Once the sub-scores for various adverse events (e.g., at block 2035) and holes (e.g., at blocks 2060 and 2055) have been determined, the system may determine a final score and model presentation at block 2065 based upon the constituent results. The final score may be determined as a weighted sum of one or more of the scores from blocks 2035, 2060, 2055, the current, or overall, coverage score, the withdrawal duration score, cleanness scores (e.g., as determined at block 2055 or block 2035), a BBPS score, etc. The final score may be presented as part of GUI 1810 (e.g., updated as playback proceeds), during the procedure (to advise the operator or automated system on its current performance), or after the procedure, e.g., as part of a consolidation among procedures (e.g., to track an operator's progress over time and to provide feedback). One will appreciate that all or some of the operations discussed herein may be applied on a rolling basis during the surgery upon previously captured portions of the model, providing online guidance and guiding the physician to go forward, backwards, look left, right, to improve coverage of the internal body structure.

Data Processing for GUI Presentation Overview

To provide context and to facilitate the reader's understanding, FIG. 21A is a schematic representation of inputs to a Graphical User Interface (GUI) data management system as may occur in some embodiments. Specifically, various of the disclosed embodiments may include a computer system configured to receive examination data and to process the data into a form amenable to intuitive presentation in a GUI. The system may receive the raw visual input data as described above and apply various of the disclosed methods to generate fragments, such as fragment 2105 (additional fragments being presented by ellipses 2105q and 2105r), and to assemble 2170a the fragments so as to form resulting model 2140a. Similarly, the hole in-fill procedures disclosed herein may be applied 2170b to replace or identify holes 2145a, 2145b, 2145c, and 2145d, with supplemented regions 2150a, 2150b, 2150c, and 2150d, respectively. Finally, the system may apply the landmark identification method disclosed herein to identify landmarks 2125a, 2125b (intervening ellipsis 2120a indicating the possible presence of other landmarks).

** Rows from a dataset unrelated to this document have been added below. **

(* Let $f:\{0,1\}^n\to\mathbb{R}$ and suppose $\{x,x+\mathbf{e}_i,x+\mathbf{e}_j,x+\mathbf{e}_i+\mathbf{e}_j\}$ is a violated square of $f$. Then it is possible to decrease all the values of $f$ either on $\{y: y\le x\}$ or on $\{y : y \ge x+\mathbf{e}_i+\mathbf{e}_j\}$ by a common constant so that, in the resulting function, the square $\{x,x+\mathbf{e}_i,x+\mathbf{e}_j,x+\mathbf{e}_i+\mathbf{e}_j\}$ is no longer violated and no square that was not violated in $f$ becomes violated.
   Context: $\mathbf{e}_i$ denotes the $i$-th standard basis vector of $\{0,1\}^n$ and $\le$ is the coordinatewise order. A square is a set $\{x, x+\mathbf{e}_i, x+\mathbf{e}_j, x+\mathbf{e}_i+\mathbf{e}_j\}$ with $i\neq j$, $x_i=x_j=0$; it is violated (for $f$) if $f(x)+f(x+\mathbf{e}_i+\mathbf{e}_j) > f(x+\mathbf{e}_i)+f(x+\mathbf{e}_j)$. *)

theory Defs
  imports Main "HOL.Real"
begin

text \<open>The order on
  functions is the pointwise (coordinatewise) order from Main.\<close>

definition cube :: "nat \<Rightarrow> (nat \<Rightarrow> nat) set" where
  "cube n = {x. (\<forall>k<n. x k \<le> 1) \<and> (\<forall>k\<ge>n. x k = 0)}"

definition unitv :: "nat \<Rightarrow> nat \<Rightarrow> nat" where
  "unitv i = (\<lambda>k. if k = i then 1 else 0)"

definition vadd :: "(nat \<Rightarrow> nat) \<Rightarrow> (nat \<Rightarrow> nat) \<Rightarrow> nat \<Rightarrow> nat" (infixl "\<oplus>" 65) where
  "x \<oplus> y = (\<lambda>k. x k + y k)"

text \<open>The square {x, x+e_i, x+e_j, x+e_i+e_j} in {0,1}^n (i ~= j, x_i = x_j = 0).\<close>
definition is_square :: "nat \<Rightarrow> (nat \<Rightarrow> nat) \<Rightarrow> nat \<Rightarrow> nat \<Rightarrow> bool" where
  "is_square n x i j \<longleftrightarrow> x \<in> cube n \<and> i < n \<and> j < n \<and> i \<noteq> j \<and> x i = 0 \<and> x j = 0"

definition violated :: "((nat \<Rightarrow> nat) \<Rightarrow> real) \<Rightarrow> (nat \<Rightarrow> nat) \<Rightarrow> nat \<Rightarrow> nat \<Rightarrow> bool" where
  "violated f x i j \<longleftrightarrow>
     f x + f (x \<oplus> unitv i \<oplus> unitv j) > f (x \<oplus> unitv i) + f (x \<oplus> unitv j)"

end

theory Submission
  imports Defs
begin

text \<open>Lowering \<open>f\<close> by \<open>c \<ge> 0\<close> on the principal ideal \<open>{y. y \<le> x}\<close> of the cube can only
  decrease \<open>f p + f t - f a - f b\<close> for every square \<open>p, a, b, t\<close>, because \<open>t\<close> is the join of
  \<open>a\<close> and \<open>b\<close> and \<open>p\<close> lies below both: if \<open>t\<close> lies in the ideal so do all four corners,
  and otherwise the ideal contains at most one of \<open>a, b\<close>, and \<open>p\<close> whenever it contains one.
  For the violated square at \<open>x\<close> itself only the corner \<open>x\<close> is lowered, so taking \<open>c\<close> equal
  to the violation removes it.\<close>

lemma shift_atMost_square_mono:
  fixes f :: "'a::lattice \<Rightarrow> real" and x :: 'a
  assumes "p \<le> a" "p \<le> b" "c \<ge> 0"
    and "f p + f (sup a b) \<le> f a + f b"
  defines "g \<equiv> \<lambda>y. if y \<le> x then f y - c else f y"
  shows "g p + g (sup a b) \<le> g a + g b"
proof (cases "sup a b \<le> x")
  case True
  then have "a \<le> x" "b \<le> x" "p \<le> x"
    using assms(1) by (auto intro: order_trans)
  with True show ?thesis
    using assms(4) by (simp add: g_def)
next
  case False
  then consider "a \<le> x" "\<not> b \<le> x" | "\<not> a \<le> x" "b \<le> x" | "\<not> a \<le> x" "\<not> b \<le> x"
    by fastforce
  then show ?thesis
  proof cases
    case 1
    then have "p \<le> x" using assms(1) order_trans by blast
    with 1 False show ?thesis using assms(4) by (simp add: g_def)
  next
    case 2
    then have "p \<le> x" using assms(2) order_trans by blast
    with 2 False show ?thesis using assms(4) by (simp add: g_def)
  next
    case 3
    with False show ?thesis using assms(3,4) by (simp add: g_def)
  qed
qed

lemma le_vadd_unitv: "x \<le> x \<oplus> unitv i"
  by (simp add: le_fun_def vadd_def)

lemma not_vadd_unitv_le: "\<not> x \<oplus> unitv i \<le> x"
  by (simp add: le_fun_def vadd_def unitv_def exI[of _ i])

lemma vadd_unitv_unitv_eq_sup:
  assumes "i \<noteq> j"
  shows "x \<oplus> unitv i \<oplus> unitv j = sup (x \<oplus> unitv i) (x \<oplus> unitv j)"
  using assms by (auto simp: vadd_def unitv_def fun_eq_iff sup_nat_def)

lemma violated_shift_atMost:
  assumes "i \<noteq> j" "c \<ge> 0" "\<not> violated f y i j"
  shows "\<not> violated (\<lambda>z. if z \<le> x then f z - c else f z) y i j"
  using shift_atMost_square_mono[where p = y and a = "y \<oplus> unitv i" and b = "y \<oplus> unitv j",
      OF le_vadd_unitv le_vadd_unitv \<open>c \<ge> 0\<close>]
    assms(3)
  unfolding violated_def vadd_unitv_unitv_eq_sup[OF \<open>i \<noteq> j\<close>] not_less
  by blast

lemma not_violated_shift_atMost_by_excess:
  fixes f :: "(nat \<Rightarrow> nat) \<Rightarrow> real" and x :: "nat \<Rightarrow> nat"
  assumes "i \<noteq> j"
  defines "c \<equiv> f x + f (x \<oplus> unitv i \<oplus> unitv j) - f (x \<oplus> unitv i) - f (x \<oplus> unitv j)"
  shows "\<not> violated (\<lambda>z. if z \<le> x then f z - c else f z) x i j"
proof -
  have "\<not> x \<oplus> unitv i \<oplus> unitv j \<le> x"
    using not_vadd_unitv_le le_vadd_unitv order_trans by metis
  then show ?thesis
    by (simp add: violated_def c_def not_vadd_unitv_le)
qed

lemma cube_down_closed: "z \<in> cube n \<Longrightarrow> y \<le> z \<Longrightarrow> y \<in> cube n"
  by (force simp: cube_def le_fun_def intro: order_trans)

theorem lemma2:
  fixes n :: nat and f :: "(nat \<Rightarrow> nat) \<Rightarrow> real" and x :: "nat \<Rightarrow> nat" and i j :: nat
  assumes "is_square n x i j" and "violated f x i j"
  shows "\<exists>c::real. c > 0 \<and>
     (\<exists>D \<in> {{y \<in> cube n. y \<le> x}, {y \<in> cube n. x \<oplus> unitv i \<oplus> unitv j \<le> y}}.
        let g = (\<lambda>y. if y \<in> D then f y - c else f y) in
          \<not> violated g x i j \<and>
          (\<forall>x' i' j'. is_square n x' i' j' \<and> \<not> violated f x' i' j' \<longrightarrow> \<not> violated g x' i' j'))"
proof -
  define c where "c = f x + f (x \<oplus> unitv i \<oplus> unitv j) - f (x \<oplus> unitv i) - f (x \<oplus> unitv j)"
  have "c > 0"
    using assms(2) by (simp add: violated_def c_def)
  have "i \<noteq> j" "x \<in> cube n"
    using assms(1) by (simp_all add: is_square_def)
  define g where "g = (\<lambda>y. if y \<le> x then f y - c else f y)"
  have "\<not> violated g x i j"
    unfolding g_def c_def by (rule not_violated_shift_atMost_by_excess[OF \<open>i \<noteq> j\<close>])
  moreover have "\<not> violated g x' i' j'"
    if "is_square n x' i' j'" "\<not> violated f x' i' j'" for x' i' j'
    using that violated_shift_atMost \<open>c > 0\<close> by (simp add: g_def is_square_def)
  moreover have "(\<lambda>y. if y \<in> {y \<in> cube n. y \<le> x} then f y - c else f y) = g"
    using \<open>x \<in> cube n\<close> cube_down_closed by (fastforce simp: g_def)
  ultimately show ?thesis
    using \<open>c > 0\<close> by (auto simp: Let_def)
qed

end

One will appreciate that in some embodiments, rather than receiving the raw visual image video data, the system may instead receive all or some of the completed fragments, models, and landmark materials. For example, the system may receive only the fragments and be able to generate model 2140b and landmarks 2125a, 2125b on its own. As the fragments, such as fragment 2105, may be structured to include visual image frames 2115a, 2115b, 2115c, 2115d, depth frames 2110a, 2110b, 2110c, 2110d, and corresponding timestamps 2105a, 2105b, 2105c, 2105d, it may be possible to infer various metadata for the models 2140a, 2140b and landmarks 2125a, 2125b. For example, the first collection of data sets in each fragment, e.g., the set formed of visual image frame 2115a, depth frame 2110a, and timestamp 2105a, may serve as a keyframe, as described elsewhere herein, for creation of model 2140a. Because the fragments include visual data, e.g., visual image frame 2115a, the system may apply the landmark recognition system to these images to generate 2120 the landmarks. Thus, the computer system may use the relation between the visual image 2115a, depth frame 2110a, and timestamp 2105a data to likewise identify correspondences between the playback (e.g., based upon timestamp 2105a), generated landmarks 2125a, 2125a (e.g., based upon visual image 2115a), and models 2140a, 2140b (e.g., based upon the global pose estimation integration of the fragment 2105 into the model). As described in greater detail herein, these correspondences may facilitate integrated presentations of the data to the user as well as facilitate coordinated interactions by the user with the different types of data.

One will appreciate that the “timestamps” in this diagram may refer to actual points in time, or may simply be indicators of the relative placement of each data capture. Thus, a timestamp may simply be the ordering number of the data capture in some embodiments (e.g., if fragment 2105 were the first captured fragment, then timestamp 2105a may be 1, timestamp 2105b may be 2, timestamp 2105c may be 3, etc.). The ordering of fragments and their constituent data frames based upon the timestamps may likewise facilitate the creation of temporal metadata in the corresponding portion of the model 2140a and corresponding landmark (e.g., landmark 2125a).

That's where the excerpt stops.